Il se débat, il rugit, il écume,
En vains efforts il se consume,
Et fait au loin retentir les échos,
Tandis qu'au front terrible, à l'allure imposante
Vers ces lieux un taureau vient chercher son amante.
Plus d'une fois ces deux rivaux
Avaient au champ d'honneur balancé la victoire,
Mais souvent le lion s'en tirait avec gloire,
Et l'autre dès long-tems semblait fuir le combat.

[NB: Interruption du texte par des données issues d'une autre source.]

lemma mixed_norm_ge_card_powr:
  fixes p0 q0 :: real
  assumes p: "0 < p0" and q: "0 < q0" and x: "in_mixed (ereal q0) (ereal p0) x"
    and K: "finite K" "card K = n" "1 \<le> n"
    and ge1: "\<And>k. k \<in> K \<Longrightarrow> 1 \<le> \<bar>x (fst k) (snd k)\<bar>"
  shows "real n powr min (1 / p0) (1 / q0) \<le> mixed_norm (ereal q0) (ereal p0) x"
proof -
  define J where "J = fst ` K"
  define I where "I j = {i. (j, i) \<in> K}" for j
  define a where "a j = lp_norm (ereal p0) (x j)" for j
  have "finite J"
    using K by (simp add: J_def)
  have fin_I: "finite (I j)" for j
    using K(1) by (rule finite_subset[rotated, OF finite_imageI[of _ snd]]) (force simp: I_def)
  have "K = Sigma J I"
    by (force simp: J_def I_def)
  then have card_I: "(\<Sum>j\<in>J. card (I j)) = n"
    using K \<open>finite J\<close> fin_I by simp
  have I_ne: "1 \<le> card (I j)" if "j \<in> J" for j
    using that fin_I[of j] by (force simp: J_def I_def Suc_le_eq card_gt_0_iff)
  have sa: "summable (\<lambda>j. a j powr q0)"
    using x by (simp add: in_mixed_real_iff a_def)
  have card_le_a: "real (card (I j)) powr (q0 / p0) \<le> a j powr q0" for j
  proof -
    have "real (card (I j)) powr (1 / p0) \<le> a j"
      unfolding a_def using x p fin_I ge1
      by (intro card_powr_le_lp_norm) (auto simp: in_mixed_real_iff I_def)
    then have "(real (card (I j)) powr (1 / p0)) powr q0 \<le> a j powr q0"
      using q by (intro powr_mono2) auto
    then show ?thesis
      by (simp add: powr_powr)
  qed
  have "real n powr min 1 (q0 / p0) \<le> (\<Sum>j\<in>J. real (card (I j)) powr (q0 / p0))"
    using p q by (intro powr_min_one_le_sum_powr[OF \<open>finite J\<close> _ I_ne card_I K(3)]) auto
  also have "\<dots> \<le> (\<Sum>j\<in>J. a j powr q0)"
    by (rule sum_mono) (rule card_le_a)
  also have "\<dots> \<le> (\<Sum>j. a j powr q0)"
    by (rule sum_le_suminf[OF sa \<open>finite J\<close>]) simp
  finally have "(real n powr min 1 (q0 / p0)) powr (1/q0) \<le> mixed_norm (ereal q0) (ereal p0) x"
    unfolding mixed_norm_real a_def using q by (intro powr_mono2) auto
  moreover have "min 1 (q0 / p0) * (1 / q0) = min (1 / p0) (1 / q0)"
    using p q by (auto simp: min_def field_simps)
  ultimately show ?thesis
    by (simp add: powr_powr)
qed

interpretation scl: vector_space scl
  by (rule vector_space_scl)

interpretation scl_pair: vector_space_pair scl scl ..

lemma sum_fun_apply: "(\<Sum>a\<in>A. f a) x = (\<Sum>a\<in>A. f a x)"
  by (induction A rule: infinite_finite_induct) auto

definition coord_restrict :: "(nat \<times> nat) set \<Rightarrow> (nat \<Rightarrow> nat \<Rightarrow> real) \<Rightarrow> (nat \<Rightarrow> nat \<Rightarrow> real)" where
  "coord_restrict K y = (\<lambda>j i. if (j, i) \<in> K then y j i else 0)"

definition coord_unit :: "nat \<times> nat \<Rightarrow> (nat \<Rightarrow> nat \<Rightarrow> real)" where
  "coord_unit k = (\<lambda>j i. if (j, i) = k then 1 else 0)"

lemma coord_unit_apply: "coord_unit k' (fst k) (snd k) = (if k' = k then 1 else 0)"
  by (cases k) (auto simp: coord_unit_def)

lemma inj_coord_unit: "inj coord_unit"
proof (rule injI)
  fix a b
  assume "coord_unit a = coord_unit b"
  then have "coord_unit a (fst a) (snd a) = coord_unit b (fst a) (snd a)"
    by simp
  then show "a = b"
    by (simp add: coord_unit_apply split: if_splits)
qed

lemma coord_unit_independent: "scl.independent (coord_unit ` K)"
  unfolding scl.independent_explicit_module
proof (intro allI impI)
  fix t u v
  assume t: "finite t" "t \<subseteq> coord_unit ` K" "(\<Sum>v\<in>t. scl (u v) v) = 0" "v \<in> t"
  then obtain k where k: "v = coord_unit k"
    by auto
  have unit_at_k: "w (fst k) (snd k) = (if w = v then 1 else 0)" if "w \<in> t" for w
    using that t(2) k inj_coord_unit by (auto simp: coord_unit_apply inj_eq)
  then have "(\<Sum>w\<in>t. scl (u w) w) (fst k) (snd k) = (\<Sum>w\<in>t. if v = w then u w else 0)"
    unfolding sum_fun_apply scl_def by (intro sum.cong) (auto simp: unit_at_k)
  then show "u v = 0"
    using t by simp
qed

lemma linear_coord_restrict: "Vector_Spaces.linear scl scl (coord_restrict K)"
  unfolding Vector_Spaces.linear_iff
  by (auto simp: vector_space_scl coord_restrict_def scl_def fun_eq_iff)

lemma coord_restrict_in_span:
  assumes "finite K"
  shows "coord_restrict K y \<in> scl.span (coord_unit ` K)"
proof -
  have "coord_restrict K y j i = (\<Sum>k\<in>K. scl (y (fst k) (snd k)) (coord_unit k)) j i" for j i
  proof -
    have "(\<Sum>k\<in>K. scl (y (fst k) (snd k)) (coord_unit k)) j i
        = (\<Sum>k\<in>K. if k = (j, i) then y j i else 0)"
      by (auto simp: sum_fun_apply scl_def coord_unit_def intro: sum.cong)
    then show ?thesis
      using assms by (simp add: coord_restrict_def)
  qed
  then have "coord_restrict K y = (\<Sum>k\<in>K. scl (y (fst k) (snd k)) (coord_unit k))"
    by (simp add: fun_eq_iff)
  also have "\<dots> \<in> scl.span (coord_unit ` K)"
    by (intro scl.span_sum scl.span_scale scl.span_base) auto
  finally show ?thesis .
qed

text \<open>Restriction to fewer than \<open>dim V\<close> coordinates cannot be injective on \<open>V\<close>.\<close>
lemma subspace_has_nonzero_vanishing_on:
  assumes V: "scl.subspace V" "scl.dim V = n" and K: "finite K" "card K < n"
  obtains y where "y \<in> V" "y \<noteq> 0" "\<And>k. k \<in> K \<Longrightarrow> y (fst k) (snd k) = 0"
proof -
  have "\<not> inj_on (coord_restrict K) V"
  proof
    assume inj: "inj_on (coord_restrict K) V"
    obtain B where B: "B \<subseteq> V" "scl.independent B" "V \<subseteq> scl.span B" "card B = scl.dim V"
      by (rule scl.basis_exists)
    have "scl.span B = V"
      by (rule scl.span_subspace[OF B(1) B(3) V(1)])
    then have "scl.independent (coord_restrict K ` B)"
      using inj by (intro scl_pair.linear_independent_injective_image[OF linear_coord_restrict B(2)]) simp
    moreover have "coord_restrict K ` B \<subseteq> scl.span (coord_unit ` K)"
      using coord_restrict_in_span[OF K(1)] by auto
    ultimately have "card (coord_restrict K ` B) \<le> card (coord_unit ` K)"
      using scl.independent_span_bound[of "coord_unit ` K"] K(1) by simp
    moreover have "card (coord_restrict K ` B) = card B"
      by (rule card_image) (rule inj_on_subset[OF inj B(1)])
    moreover have "card (coord_unit ` K) \<le> card K"
      by (rule card_image_le[OF K(1)])
    ultimately show False
      using B(4) V(2) K(2) by simp
  qed
  then obtain y where y: "y \<in> V" "y \<noteq> 0" "coord_restrict K y = 0"
    using scl_pair.linear_inj_on_iff_eq_0[OF linear_coord_restrict V(1)] by blast
  have "y (fst k) (snd k) = 0" if "k \<in> K" for k
    using fun_cong[OF fun_cong[OF y(3), of "fst k"], of "snd k"] that
    by (simp add: coord_restrict_def)
  with y show ?thesis
    using that by blast
qed

definition peaks_on :: "(nat \<Rightarrow> nat \<Rightarrow> real) \<Rightarrow> (nat \<times> nat) set \<Rightarrow> bool" where
  "peaks_on x K \<longleftrightarrow> (\<forall>k. \<bar>x (fst k) (snd k)\<bar> \<le> 1) \<and> (\<forall>k\<in>K. \<bar>x (fst k) (snd k)\<bar> = 1)"

text \<open>The parameter \<open>e\<close> is the first time one of the finitely many lines \<open>e \<mapsto> X k + e * Y k\<close>
  reaches modulus \<open>1\<close>: the infimum of a closed set of such times, hence attained.\<close>
lemma first_exit_parameter:
  fixes X Y :: "'a \<Rightarrow> real"
  assumes F: "finite F" and X: "\<And>k. k \<in> F \<Longrightarrow> \<bar>X k\<bar> \<le> 1"
    and exit: "k1 \<in> F" "0 \<le> E" "1 \<le> \<bar>X k1 + E * Y k1\<bar>"
  obtains e k0 where "0 \<le> e" "e \<le> E" "k0 \<in> F" "\<bar>X k0 + e * Y k0\<bar> = 1"
    "\<And>k. k \<in> F \<Longrightarrow> \<bar>X k + e * Y k\<bar> \<le> 1"
proof -
  define H where "H = (\<Union>k\<in>F. {0..E} \<inter> {e. 1 \<le> \<bar>X k + e * Y k\<bar>})"
  have "closed H"
    unfolding H_def
    by (intro closed_UN F ballI closed_Int closed_atLeastAtMost closed_Collect_le)
      (auto intro!: continuous_intros)
  moreover have "E \<in> H" "bdd_below H"
    using exit unfolding H_def by (auto intro: bdd_belowI[of _ 0])
  ultimately have "Inf H \<in> H"
    by (intro closed_contains_Inf) auto
  then obtain k0 where k0: "k0 \<in> F" "0 \<le> Inf H" "1 \<le> \<bar>X k0 + Inf H * Y k0\<bar>"
    unfolding H_def by auto
  have below: "\<bar>X k + Inf H * Y k\<bar> \<le> 1" if k: "k \<in> F" for k
  proof (rule ccontr)
    assume "\<not> ?thesis"
    moreover have "continuous_on {0..Inf H} (\<lambda>t. \<bar>X k + t * Y k\<bar>)"
      by (intro continuous_intros)
    ultimately obtain t where t: "0 \<le> t" "t \<le> Inf H" "\<bar>X k + t * Y k\<bar> = 1"
      using IVT'[of "\<lambda>t. \<bar>X k + t * Y k\<bar>" 0 1 "Inf H"] X[OF k] k0(2) by auto
    then have "t \<in> H"
      using k \<open>Inf H \<in> H\<close> unfolding H_def by (auto intro!: bexI[of _ k])
    then have "Inf H \<le> t"
      using \<open>bdd_below H\<close> by (rule cInf_lower)
    with t \<open>\<not> ?thesis\<close> show False
      by simp
  qed
  show ?thesis
    using that[OF k0(2) _ k0(1) _ below] k0(3) below[OF k0(1)] \<open>Inf H \<in> H\<close>
    by (auto simp: H_def)
qed

lemma finite_level_set_add_cmult:
  fixes x y :: "'a \<Rightarrow> real"
  assumes x: "\<And>d. 0 < d \<Longrightarrow> finite {k. d \<le> \<bar>x k\<bar>}"
    and y: "\<And>d. 0 < d \<Longrightarrow> finite {k. d \<le> \<bar>y k\<bar>}" and d: "0 < d"
  shows "finite {k. d \<le> \<bar>x k\<bar> + \<bar>c * y k\<bar>}"
proof (cases "c = 0")
  case True
  then show ?thesis
    using x[OF d] by simp
next
  case False
  have "{k. d \<le> \<bar>x k\<bar> + \<bar>c * y k\<bar>} \<subseteq> {k. d / 2 \<le> \<bar>x k\<bar>} \<union> {k. d / (2 * \<bar>c\<bar>) \<le> \<bar>y k\<bar>}"
    using False by (auto simp: abs_mult field_simps)
  moreover have "finite ({k. d / 2 \<le> \<bar>x k\<bar>} \<union> {k. d / (2 * \<bar>c\<bar>) \<le> \<bar>y k\<bar>})"
    using d False by (intro finite_UnI x y) auto
  ultimately show ?thesis
    by (rule finite_subset)
qed

text \<open>Along \<open>x + e y\<close> with \<open>y\<close> vanishing on \<open>K\<close> the pinned entries stay fixed, and only
  finitely many other entries can reach modulus \<open>1\<close> for \<open>e \<in> [0, E]\<close>.\<close>
lemma peaks_on_insert_along:
  assumes x: "peaks_on x K" "\<And>d. 0 < d \<Longrightarrow> finite {k. d \<le> \<bar>x (fst k) (snd k)\<bar>}"
    and y: "\<And>k. k \<in> K \<Longrightarrow> y (fst k) (snd k) = 0"
      "\<And>d. 0 < d \<Longrightarrow> finite {k. d \<le> \<bar>y (fst k) (snd k)\<bar>}"
    and k1: "y (fst k1) (snd k1) \<noteq> 0"
  obtains e k0 where "k0 \<notin> K" "peaks_on (x + scl e y) (insert k0 K)"
proof -
  define X where "X k = x (fst k) (snd k)" for k
  define Y where "Y k = y (fst k) (snd k)" for k
  define E where "E = 2 / \<bar>Y k1\<bar>"
  have E: "0 < E" "E * \<bar>Y k1\<bar> = 2"
    using k1 by (simp_all add: E_def Y_def)
  have X_le1: "\<bar>X k\<bar> \<le> 1" for k
    using x(1) by (simp add: peaks_on_def X_def)
  define F where "F = {k. k \<notin> K \<and> 1 \<le> \<bar>X k\<bar> + \<bar>E * Y k\<bar>}"
  have "finite {k. 1 \<le> \<bar>X k\<bar> + \<bar>E * Y k\<bar>}"
    using finite_level_set_add_cmult[OF x(2) y(2) zero_less_one, of E] by (simp add: X_def Y_def)
  then have F_fin: "finite F"
    by (rule finite_subset[rotated]) (auto simp: F_def)
  have "k1 \<notin> K"
    using y(1) k1 by auto
  then have k1_F: "k1 \<in> F"
    using E X_le1[of k1] by (simp add: F_def abs_mult)
  have k1_exit: "1 \<le> \<bar>X k1 + E * Y k1\<bar>"
    using E X_le1[of k1] abs_triangle_ineq3[of "E * Y k1" "- X k1"] by (simp add: abs_mult)
  obtain e k0 where e: "0 \<le> e" "e \<le> E" "k0 \<in> F" "\<bar>X k0 + e * Y k0\<bar> = 1"
    and e_F: "\<And>k. k \<in> F \<Longrightarrow> \<bar>X k + e * Y k\<bar> \<le> 1"
    by (rule first_exit_parameter[of F X k1 E Y, OF F_fin _ k1_F _ k1_exit]) (use X_le1 E(1) in auto)
  have off_F: "\<bar>X k + e * Y k\<bar> \<le> 1" if "k \<notin> F" "k \<notin> K" for k
  proof -
    have "\<bar>X k + e * Y k\<bar> \<le> \<bar>X k\<bar> + E * \<bar>Y k\<bar>"
      using e(1,2) abs_triangle_ineq[of "X k" "e * Y k"] mult_right_mono[OF e(2), of "\<bar>Y k\<bar>"]
      by (simp add: abs_mult)
    also have "\<dots> < 1"
      using that E(1) by (simp add: F_def abs_mult)
    finally show ?thesis
      by simp
  qed
  have on_K: "Y k = 0" "\<bar>X k\<bar> = 1" if "k \<in> K" for k
    using that y(1) x(1) by (simp_all add: Y_def X_def peaks_on_def)
  have "k0 \<notin> K"
    using e(3) by (simp add: F_def)
  moreover have "peaks_on (x + scl e y) (insert k0 K)"
    unfolding peaks_on_def
  proof (intro conjI allI ballI)
    fix k
    show "\<bar>(x + scl e y) (fst k) (snd k)\<bar> \<le> 1"
      using e_F off_F on_K by (cases "k \<in> F"; cases "k \<in> K") (auto simp: scl_def X_def Y_def)
  next
    fix k
    assume "k \<in> insert k0 K"
    then show "\<bar>(x + scl e y) (fst k) (snd k)\<bar> = 1"
      using e(4) by (auto simp: on_K scl_def X_def[symmetric] Y_def[symmetric])
  qed
  ultimately show ?thesis
    by (rule that)
qed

Comme il s'approche, il voit le redoutable sire
Retenu sous le piégé, et dans un triste état.
Ce lâche alors ne peut suffire
Au transport qui l'agite, et voudrait se venger.
Il court, le front baissé, la corne menaçante,
Assaillir le lion, dont la rage impuissante
Ne peut nuire à celui qui cherche à l'outrager...
Du taureau le front s'embarrasse,
Ses cornes dans les rêts viennent de s'engager :
Il tire, il rompt, tout se délace,
Le lion est hors de danger !
Et le traître déjà, prêt à quitter la place,
Tremble ; il craint de courir le hasard d'un combat.
Le lion le voit et s'écrie :
>> Lâche ! cette action devrait être punie "
Mais va, rends grâce aux dieux, mon cœur n'est point ingrat,
Et je me souviendrai que je te dois la vie. »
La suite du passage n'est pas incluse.